Leader of the Progressive Youth Organization
- In office 1965–1973

Personal details
- Born: 1946 Kandahar, Kingdom of Afghanistan
- Died: 12 November 1986 (aged 39–40) Peshawar, Pakistan
- Party: ALO (1973–1986)
- Other political affiliations: Shola-e Javid
- Spouse: Meena Keshwar Kamal
- Children: 3

Military service
- Allegiance: Revolutionary Group of the Peoples of Afghanistan Pakistan
- Battles/wars: 1979 uprisings in Afghanistan Bala Hissar uprising; Soviet–Afghan War

= Faiz Ahmad =

Afghan communist leader (1946–1986)

Faiz Ahmad (فیض احمد; 1946 – 12 November 1986) was an Afghan politician who led the Afghanistan Liberation Organization (ALO), a Maoist organisation established in Kabul.

== Early life ==
Ahmad was born in Kandahar in 1946 to an ethnic Pashtun family. He attended primary and secondary schools in Kandahar before moving to Kabul to enter Naderia High School, where he became involved in the leftist movement after reading some of the works of Karl Marx and Vladimir Lenin.
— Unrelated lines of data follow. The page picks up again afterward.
lemma not_super_delta_point_if_finite_rank_approximable:
  fixes \<A> :: "('a::real_normed_vector \<Rightarrow> 'a) set" and x :: 'a
  assumes "\<forall>T\<in>\<A>. finite_rank_op T" and "K < 2" and "\<forall>T\<in>\<A>. onorm (\<lambda>x. x - T x) \<le> K"
    and "\<forall>\<epsilon>>0. \<forall>x. \<exists>T\<in>\<A>. norm (x - T x) < \<epsilon>"
  shows "\<not> super_delta_point x"
proof -
  have "2 - K > 0"
    using assms(2) by simp
  then obtain T where "T \<in> \<A>" and close: "norm (x - T x) < 2 - K"
    using assms(4) by blast
  then have "finite_rank_op T" and "onorm (\<lambda>x. x - T x) \<le> K"
    using assms(1,3) by blast+
  show ?thesis
  proof (rule not_super_delta_point_if_weakly_continuous)
    show "bounded_linear T"
      using \<open>finite_rank_op T\<close> by (simp add: finite_rank_op_def)
    show "continuous_map weak_topology euclidean T"
      using \<open>finite_rank_op T\<close> by (rule continuous_map_weak_topology_finite_rank_op)
    show "norm (x - T x) + onorm (\<lambda>y. y - T y) < 2"
      using close \<open>onorm (\<lambda>x. x - T x) \<le> K\<close> by simp
  qed
qed

lemma FDD_coef_spec:
  assumes "is_FDD E"
  shows "FDD_coef E x n \<in> E n" and "FDD_coef E x sums x"
proof -
  have "\<exists>!c. (\<forall>n. c n \<in> E n) \<and> c sums x"
    using assms by (simp add: is_FDD_def)
  then have "(\<forall>n. FDD_coef E x n \<in> E n) \<and> FDD_coef E x sums x"
    unfolding FDD_coef_def by (rule theI')
  then show "FDD_coef E x n \<in> E n" and "FDD_coef E x sums x"
    by blast+
qed

lemma FDD_coef_unique:
  assumes "is_FDD E" and "\<And>n. c n \<in> E n" and "c sums x"
  shows "FDD_coef E x = c"
proof -
  have "\<exists>!c. (\<forall>n. c n \<in> E n) \<and> c sums x"
    using assms(1) by (simp add: is_FDD_def)
  then show ?thesis
    unfolding FDD_coef_def by (rule the1_equality) (use assms(2,3) in blast)
qed
lemma SL2V_conjugate_by_minv:
  "B \<in> SL2V \<Longrightarrow> SL2V_conjugate (mmul (mmul B P) (minv B)) P"
  unfolding SL2V_conjugate_def using SL2V_minv by blast

definition parabolic :: "quat \<Rightarrow> quat \<Rightarrow> mat2" where
  "parabolic a c = M2 (1 - a * qstar c) (a * qstar a) (- (c * qstar c)) (1 + c * qstar a)"

lemma SL2V_conj_P0_eq_parabolic:
  assumes "in_SL2V (M2 a b c d)"
  shows "mmul (mmul (M2 a b c d) P0) (minv (M2 a b c d)) = parabolic a c"
proof -
  have "a * qstar d = 1 + b * qstar c" "d * qstar a = 1 + c * qstar b"
    "b * qstar a = a * qstar b" "d * qstar c = c * qstar d"
    using assms V_mult_qstar_swap[of a b] V_mult_qstar_swap[of c d] by (simp_all add: algebra_simps)
  then show ?thesis
    by (simp add: P0_def parabolic_def algebra_simps)
qed

lemma SH_obtain_SL2V_column:
  assumes "(a, c) \<in> SH"
  obtains b d where "in_SL2V (M2 a b c d)"
proof -
  obtain a0 a1 a2 a3 where a: "a = Quat a0 a1 a2 a3" by (cases a)
  obtain c0 c1 c2 c3 where c: "c = Quat c0 c1 c2 c3" by (cases c)
  define n where "n = a0*a0 + a1*a1 + a2*a2 + a3*a3 + c0*c0 + c1*c1 + c2*c2 + c3*c3"
  have "a \<noteq> 0 \<or> c \<noteq> 0" and "qstar c * a \<in> V"
    using assms by (simp_all add: mem_SH_iff)
  then have n0: "n \<noteq> 0" and h: "a0*c3 + a1*c2 = a2*c1 + a3*c0"
    by (auto simp: n_def a c quat_eq_iff V_def add_nonneg_eq_0_iff algebra_simps)
  \<comment> \<open>\<open>b = - k c k\<^sup>-\<^sup>1 / n\<close> and \<open>d = k a k\<^sup>-\<^sup>1 / n\<close>\<close>
  have "in_SL2V (M2 a (Quat (-c0/n) (c1/n) (c2/n) (-c3/n)) c (Quat (a0/n) (-a1/n) (-a2/n) (a3/n)))"
  proof -
    \<comment> \<open>after clearing denominators, this folds the sum of squares back into \<open>n\<close>\<close>
    have n_fold: "(a0*a0 + a1*a1 + a2*a2 + a3*a3 + c0*c0 + c1*c1 + c2*c2 + c3*c3) * (n * (n * n))
        = n * (n * (n * n))"
      by (simp only: n_def)
    show ?thesis
      using n0 h n_fold unfolding a c
      by (simp add: V_def quat_eq_iff field_simps, simp only: mult.assoc[symmetric] distrib_right[symmetric] h)
  qed
  then show thesis by (rule that)
qed
(* Let $k$ be a field of characteristic $0$, $R = k[t_1, \dots, t_n]$, and let $x_1, \dots, x_m \in (k^* )^n$ with $x_i = (x_{i,1}, \dots, x_{i,n})$. Let $\mathfrak{m} = (t_1 - 1, \dots, t_n - 1) \subset R$, let $\mathfrak{p} \subset \mathfrak{m}$ be a prime ideal of height $n'$, and let $A = \operatorname{Stab}_X(\mathfrak{p})$. Then there exists a subgroup $B \subset \mathbf{Z}^n$ of rank at least $n'$ such that $\langle a, b \rangle_X = 1$ for all $a \in A$ and $b \in B$.
   Context: For $a \in \mathbf{Z}^m$ write $x^a = \prod_{i=1}^m x_i^{a_i} \in (k^* )^n$ (coordinatewise). An element $z = (z_1,\dots,z_n) \in (k^* )^n$ acts on $R$ by $(z\cdot f)(t_1,\dots,t_n) = f(z_1t_1, \dots, z_nt_n)$, and for an ideal $\mathfrak{p}$, $\operatorname{Stab}_X(\mathfrak{p}) = \{a \in \mathbf{Z}^m : x^a \cdot \mathfrak{p} = \mathfrak{p}\}$. The pairing $\langle\cdot,\cdot\rangle_X: \mathbf{Z}^m \times \mathbf{Z}^n \to k^*$ is $\langle (a_i), (b_j) \rangle_X = \prod_{i,j} x_{i,j}^{a_i b_j}$. *)

theory Defs
  imports "HOL-Library.Poly_Mapping" "HOL-Library.Extended_Nat"
begin

text \<open>Polynomial ring k[t_j : j in 'n] over a commutative ring, variables indexed by a finite type 'n:
  a polynomial is a finitely supported map from monomials (exponent vectors 'n =>0 nat) to coefficients.\<close>

type_synonym ('n, 'k) mpoly = "('n \<Rightarrow>\<^sub>0 nat) \<Rightarrow>\<^sub>0 'k"

definition var :: "'n \<Rightarrow> ('n, 'k::comm_ring_1) mpoly" where
  "var j = Poly_Mapping.single (Poly_Mapping.single j 1) 1"

definition is_ideal :: "'a::comm_ring_1 set \<Rightarrow> bool" where
  "is_ideal I \<longleftrightarrow> 0 \<in> I \<and> (\<forall>a\<in>I. \<forall>b\<in>I. a + b \<in> I) \<and> (\<forall>r. \<forall>a\<in>I. r * a \<in> I)"
(* Let $k\in\mathbb N$, let $\pi$ be a partition of $\{1,\dots,k\}$, and let $\mathcal I^*(\pi)$ be the set of graphs consistent with $\pi$ having exactly $k-\#\pi+1$ connected components, where $\#\pi$ is the number of blocks of $\pi$. (i) If $\pi$ is crossing, then $\mathcal I^*(\pi)=\emptyset$. (ii) If $\pi$ is non-crossing, then $\mathcal I^*(\pi)$ consists of exactly one graph $G$, and $\pi=K(\eta)$, where $\eta$ is the partition of $\{1,\dots,k\}$ whose blocks are the vertex sets of the connected components of $G$ and $K$ denotes the Kreweras complement.
   Context: Let $\pi$ be a partition of $\{1,\dots,k\}$ with blocks $B^{(1)},\dots,B^{(q)}$; indices are taken cyclically, i.e. $0$ is identified with $k$ and $k+1$ with $1$. The closed blocks are $\overline B^{(s)}=B^{(s)}\cup\{l\in\{1,\dots,k\}: l-1\in B^{(s)}\}$. The multiplicity $m_\pi(l)$ of $l\in\{1,\dots,k\}$ is $2$ if $l$ and $l-1$ lie in the same block of $\pi$, and $1$ otherwise. A graph consistent with $\pi$ is an undirected multigraph $G$ (loops allowed, a loop contributing $2$ to the degree) with vertex set $\{1,\dots,k\}$ and $k$ edges, whose edge set can be written as a disjoint union $E^{(1)}\cup\dots\cup E^{(q)}$ such that for each $s$, all edges of $E^{(s)}$ have both ends in $\overline B^{(s)}$ and, in the subgraph with vertex set $\overline B^{(s)}$ and edge set $E^{(s)}$, every vertex $l$ has degree $m_\pi(l)$. A partition is crossing if there exist $i<j<i'<j'$ with $i,i'$ in one block and $j,j'$ in a different block; otherwise it is non-crossing. For a non-crossing partition $\eta$ of $\{1,\dots,k\}$, its Kreweras complement $K(\eta)$ is the largest (with respect to refinement) partition $\sigma$ of $\{1,\dots,k\}$ such that the partition of the interlaced ordered set $1<\bar1<2<\bar2<\dots<k<\bar k$ whose blocks are the blocks of $\eta$ (on the unbarred elements) together with the blocks of $\sigma$ (placed on the barred elements) is non-crossing. *)

theory Defs
  imports Main "HOL-Library.Multiset" "HOL-Library.Disjoint_Sets"
begin
(* Let $\mathcal{X}$ be a connected $n$-premaniplex with base flag $x_0$, let $(\mathcal{Y},\eta)$ be an $(n,m)$-voltage operator with $\mathcal{Y}$ connected and base flag $y_0$, let $N=\operatorname{Stab}_{\mathcal{C}^n}(x_0)$, $L=\operatorname{Stab}_{\mathcal{C}^m}(y_0)$, and $\zeta:L\to\mathcal{C}^n$, $\zeta(\omega)=\eta(W_\omega(y_0))$. Suppose $\mathcal{X}\rtimes_\eta\mathcal{Y}$ is connected. Then for $\omega\in\mathcal{C}^m$ there exists an automorphism $\alpha_\omega$ of $\mathcal{X}\rtimes_\eta\mathcal{Y}$ with $(x_0,y_0)\alpha_\omega=\omega(x_0,y_0)$ if and only if $\omega\in\operatorname{N}_{\mathcal{C}^m}(\zeta^{-1}(N))$; moreover $\operatorname{Aut}(\mathcal{X}\rtimes_\eta\mathcal{Y})\cong\operatorname{N}_{\mathcal{C}^m}(\zeta^{-1}(N))/\zeta^{-1}(N)$.
   Context: An $n$-premaniplex is an edge-coloured graph (semi-edges and parallel edges allowed) with colours $\{0,\dots,n-1\}$ such that every vertex (flag) is the start of exactly one dart of each colour, and for $|i-j|\ge2$ alternating $i,j$-paths of length 4 are closed; $x^i$ is the $i$-adjacent flag of $x$. $\mathcal{C}^n=\langle r_0,\dots,r_{n-1}\mid r_i^2,\ (r_ir_j)^2\ (|i-j|\ge2)\rangle$ acts on the left on flags by $r_ix=x^i$; automorphisms act on the right. $\operatorname{N}_G(H)$ denotes the normaliser. For a flag $y$ of an $m$-premaniplex $\mathcal{Y}$ and $\omega\in\mathcal{C}^m$, $W_\omega(y)$ is the homotopy class of paths from $y$ whose colour sequence $i_1,\dots,i_k$ satisfies $r_{i_k}\cdots r_{i_1}=\omega$; these form the fundamental groupoid $\Pi(\mathcal{Y})$. A voltage assignment $\eta:\Pi(\mathcal{Y})\to\mathcal{C}^n$ satisfies $\eta(W_1W_2)=\eta(W_2)\eta(W_1)$; $(\mathcal{Y},\eta)$ is an $(n,m)$-voltage operator. $\mathcal{X}\rtimes_\eta\mathcal{Y}$ has flags $\mathcal{X}\times\mathcal{Y}$ and $(x,y)^i=(\eta(W_{r_i}(y))x,r_iy)$, $i\in\{0,\dots,m-1\}$; hence $\omega(x,y)=(\eta(W_\omega(y))x,\omega y)$. *)

theory Defs
  imports "HOL-Algebra.Group_Action"
begin

text \<open>A word [i1,...,ik] represents the element r_i1 r_i2 ... r_ik.\<close>

inductive coxeq :: "nat \<Rightarrow> nat list \<Rightarrow> nat list \<Rightarrow> bool" for n where
  refl: "w \<in> lists {..<n} \<Longrightarrow> coxeq n w w"
| sym: "coxeq n u v \<Longrightarrow> coxeq n v u"
| trans: "coxeq n u v \<Longrightarrow> coxeq n v w \<Longrightarrow> coxeq n u w"
| app: "coxeq n u v \<Longrightarrow> coxeq n u' v' \<Longrightarrow> coxeq n (u @ u') (v @ v')"
| invol: "i < n \<Longrightarrow> coxeq n [i, i] []"
| comm: "i < n \<Longrightarrow> j < n \<Longrightarrow> (i + 2 \<le> j \<or> j + 2 \<le> i) \<Longrightarrow> coxeq n [i, j, i, j] []"

definition cls :: "nat \<Rightarrow> nat list \<Rightarrow> nat list set" where
  "cls n w = {v. coxeq n w v}"

definition repr :: "nat list set \<Rightarrow> nat list" where
  "repr g = (SOME w. w \<in> g)"

definition Cox :: "nat \<Rightarrow> nat list set monoid" where
  "Cox n = \<lparr>carrier = cls n ` lists {..<n},
            mult = (\<lambda>a b. cls n (repr a @ repr b)),
            one = cls n []\<rparr>"

definition gen :: "nat \<Rightarrow> nat \<Rightarrow> nat list set" where
  "gen n i = cls n [i]"

text \<open>Left action of words: r_i x = adj i x, so [i1,...,ik] acts as r_i1(...(r_ik x)).\<close>
definition act :: "(nat \<Rightarrow> 'a \<Rightarrow> 'a) \<Rightarrow> nat list \<Rightarrow> 'a \<Rightarrow> 'a" where
  "act adj w x = foldr adj w x"

definition gact :: "(nat \<Rightarrow> 'a \<Rightarrow> 'a) \<Rightarrow> nat list set \<Rightarrow> 'a \<Rightarrow> 'a" where
  "gact adj g x = act adj (repr g) x"

definition premaniplex :: "nat \<Rightarrow> 'a set \<Rightarrow> (nat \<Rightarrow> 'a \<Rightarrow> 'a) \<Rightarrow> bool" where
  "premaniplex n F adj \<longleftrightarrow>
     (\<forall>i<n. \<forall>x\<in>F. adj i x \<in> F \<and> adj i (adj i x) = x) \<and>
     (\<forall>i<n. \<forall>j<n. (i + 2 \<le> j \<or> j + 2 \<le> i) \<longrightarrow>
        (\<forall>x\<in>F. adj i (adj j (adj i (adj j x))) = x))"

definition connected_pm :: "nat \<Rightarrow> 'a set \<Rightarrow> (nat \<Rightarrow> 'a \<Rightarrow> 'a) \<Rightarrow> bool" where
  "connected_pm n F adj \<longleftrightarrow> (\<forall>x\<in>F. \<forall>y\<in>F. \<exists>w\<in>lists {..<n}. act adj w x = y)"

definition stab :: "nat \<Rightarrow> (nat \<Rightarrow> 'a \<Rightarrow> 'a) \<Rightarrow> 'a \<Rightarrow> nat list set set" where
  "stab n adj x0 = {g \<in> carrier (Cox n). gact adj g x0 = x0}"

text \<open>Automorphism group; automorphisms act on the right: (x)(alpha beta) = ((x)alpha)beta.\<close>
definition Aut :: "nat \<Rightarrow> 'a set \<Rightarrow> (nat \<Rightarrow> 'a \<Rightarrow> 'a) \<Rightarrow> ('a \<Rightarrow> 'a) monoid" where
  "Aut n F adj = \<lparr>carrier = {\<alpha>. bij_betw \<alpha> F F \<and> \<alpha> \<in> extensional F \<and>
                             (\<forall>i<n. \<forall>x\<in>F. \<alpha> (adj i x) = adj i (\<alpha> x))},
                 mult = (\<lambda>\<alpha> \<beta>. restrict (\<beta> \<circ> \<alpha>) F),
                 one = restrict id F\<rparr>"

text \<open>The fundamental groupoid element W_g(y) is encoded as the pair (y, g), g in C^m;
  it ends at g y and W_g1(y) W_g2(g1 y) = W_(g2 g1)(y).  A voltage assignment eta
  satisfies eta(W1 W2) = eta(W2) eta(W1).\<close>
definition voltage_operator ::
  "nat \<Rightarrow> nat \<Rightarrow> 'b set \<Rightarrow> (nat \<Rightarrow> 'b \<Rightarrow> 'b) \<Rightarrow> ('b \<Rightarrow> nat list set \<Rightarrow> nat list set) \<Rightarrow> bool" where
  "voltage_operator n m Y adjY eta \<longleftrightarrow>
     premaniplex m Y adjY \<and>
     (\<forall>y\<in>Y. \<forall>g\<in>carrier (Cox m). eta y g \<in> carrier (Cox n)) \<and>
     (\<forall>y\<in>Y. \<forall>g1\<in>carrier (Cox m). \<forall>g2\<in>carrier (Cox m).
        eta y (g2 \<otimes>\<^bsub>Cox m\<^esub> g1) = eta (gact adjY g1 y) g2 \<otimes>\<^bsub>Cox n\<^esub> eta y g1)"

definition mix_adj ::
  "(nat \<Rightarrow> 'a \<Rightarrow> 'a) \<Rightarrow> nat \<Rightarrow> ('b \<Rightarrow> nat list set \<Rightarrow> nat list set) \<Rightarrow> (nat \<Rightarrow> 'b \<Rightarrow> 'b)
    \<Rightarrow> nat \<Rightarrow> 'a \<times> 'b \<Rightarrow> 'a \<times> 'b" where
  "mix_adj adjX m eta adjY i p = (gact adjX (eta (snd p) (gen m i)) (fst p), adjY i (snd p))"

definition zeta_preimage ::
  "nat \<Rightarrow> nat \<Rightarrow> (nat \<Rightarrow> 'a \<Rightarrow> 'a) \<Rightarrow> 'a \<Rightarrow> (nat \<Rightarrow> 'b \<Rightarrow> 'b) \<Rightarrow> 'b
    \<Rightarrow> ('b \<Rightarrow> nat list set \<Rightarrow> nat list set) \<Rightarrow> nat list set set" where
  "zeta_preimage n m adjX x0 adjY y0 eta = {g \<in> stab m adjY y0. eta y0 g \<in> stab n adjX x0}"

end

theory Submission
  imports Defs "HOL-Algebra.Zassenhaus"
begin

(* The flags of the mix form a C^m-set in which \<omega>(x0, y0) = (\<eta>(W_\<omega>(y0)) x0, \<omega> y0), so the
   stabiliser of the base flag (x0, y0) is \<zeta>^-1(N).  The theorem is therefore an instance of a
   general fact about a connected premaniplex F with base flag b and stabiliser S.
   Automorphisms commute with the action of C^n, hence are determined by the image of b and
   preserve stabilisers.  Since Stab(\<omega> b) = \<omega> S \<omega>^-1, the flag b can be sent to \<omega> b only if
   \<omega> normalises S; conversely, for such \<omega> the map g b \<mapsto> g \<omega> b is well defined and is an
   automorphism \<alpha>_\<omega>.  The map \<omega> \<mapsto> \<alpha>_\<omega> is then a surjective homomorphism N(S) \<rightarrow> Aut(F)
   with kernel S. *)

section \<open>The universal Coxeter group\<close>

lemma coxeq_lists: "coxeq n u v \<Longrightarrow> u \<in> lists {..<n} \<and> v \<in> lists {..<n}"
  by (induction rule: coxeq.induct) auto

lemma cls_eqI: "coxeq n u v \<Longrightarrow> cls n u = cls n v"
  unfolding cls_def by (auto intro: coxeq.trans coxeq.sym)

lemma coxeq_repr_cls: "u \<in> lists {..<n} \<Longrightarrow> coxeq n u (repr (cls n u))"
  unfolding repr_def cls_def using someI[of "\<lambda>w. w \<in> {v. coxeq n u v}" u] by (simp add: coxeq.refl)

lemma carrier_Cox: "carrier (Cox n) = cls n ` lists {..<n}"
  by (simp add: Cox_def)

lemma one_Cox: "\<one>\<^bsub>Cox n\<^esub> = cls n []"
  by (simp add: Cox_def)

lemma cls_in_carrier: "u \<in> lists {..<n} \<Longrightarrow> cls n u \<in> carrier (Cox n)"
  by (simp add: carrier_Cox)

lemma gen_in_carrier: "i < n \<Longrightarrow> gen n i \<in> carrier (Cox n)"
  by (simp add: gen_def cls_in_carrier)

lemma repr_in_carrier:
  assumes "g \<in> carrier (Cox n)"
  shows "repr g \<in> lists {..<n}" and "cls n (repr g) = g"
proof -
  obtain u where "u \<in> lists {..<n}" "g = cls n u" using assms by (auto simp: carrier_Cox)
  then show "repr g \<in> lists {..<n}" and "cls n (repr g) = g"
    using coxeq_repr_cls coxeq_lists cls_eqI coxeq.sym by metis+
qed

lemma mult_cls:
  "u \<in> lists {..<n} \<Longrightarrow> v \<in> lists {..<n} \<Longrightarrow> cls n u \<otimes>\<^bsub>Cox n\<^esub> cls n v = cls n (u @ v)"
  unfolding Cox_def using coxeq_repr_cls by (simp add: cls_eqI coxeq.app coxeq.sym)

lemma cls_Cons: "i < n \<Longrightarrow> w \<in> lists {..<n} \<Longrightarrow> cls n (i # w) = gen n i \<otimes>\<^bsub>Cox n\<^esub> cls n w"
  using mult_cls[of "[i]" n w] by (simp add: gen_def)

lemma coxeq_rev_append: "u \<in> lists {..<n} \<Longrightarrow> coxeq n (rev u @ u) []"
proof (induction u)
  case Nil
  then show ?case by (simp add: coxeq.refl)
next
  case (Cons i u)
  then have "coxeq n (rev u @ ([i, i] @ u)) (rev u @ ([] @ u))"
    by (intro coxeq.app coxeq.refl coxeq.invol) auto
  then have "coxeq n (rev (i # u) @ (i # u)) (rev u @ u)" by simp
  then show ?case using Cons coxeq.trans by fastforce
qed

lemma group_Cox: "group (Cox n)"
proof (rule groupI)
  show "\<one>\<^bsub>Cox n\<^esub> \<in> carrier (Cox n)" by (simp add: one_Cox cls_in_carrier)
next
  fix x y z assume "x \<in> carrier (Cox n)" "y \<in> carrier (Cox n)" "z \<in> carrier (Cox n)"
  then obtain u v w where "u \<in> lists {..<n}" "v \<in> lists {..<n}" "w \<in> lists {..<n}"
     "x = cls n u" "y = cls n v" "z = cls n w"
    by (auto simp: carrier_Cox)
  then show "x \<otimes>\<^bsub>Cox n\<^esub> y \<in> carrier (Cox n)"
    and "x \<otimes>\<^bsub>Cox n\<^esub> y \<otimes>\<^bsub>Cox n\<^esub> z = x \<otimes>\<^bsub>Cox n\<^esub> (y \<otimes>\<^bsub>Cox n\<^esub> z)"
    and "\<one>\<^bsub>Cox n\<^esub> \<otimes>\<^bsub>Cox n\<^esub> x = x"
    by (simp_all add: mult_cls one_Cox cls_in_carrier)
  have "rev u \<in> lists {..<n}" using \<open>u \<in> lists {..<n}\<close> by auto
  then show "\<exists>y\<in>carrier (Cox n). y \<otimes>\<^bsub>Cox n\<^esub> x = \<one>\<^bsub>Cox n\<^esub>"
    using \<open>u \<in> lists {..<n}\<close> \<open>x = cls n u\<close>
    by (metis cls_in_carrier mult_cls one_Cox cls_eqI coxeq_rev_append)
qed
Akram Yari, a leader of the Maoist movement in Afghanistan, was Ahmad's teacher in Naderia High School and he deeply influenced Ahmad’s political beliefs. Yari was leader of Progressive Youth Organization (PYO), a Maoist organisation which was formed on 6 October 1965. Later, Ahmad parted ways with PYO and formed the Revolutionary Group of People of Afghanistan.

After graduating from high school, Ahmad entered the Medical Faculty of Kabul University. During these years he would establish the Revolutionary Group of People of Afghanistan which was later named Afghanistan Liberation Organization (ALO).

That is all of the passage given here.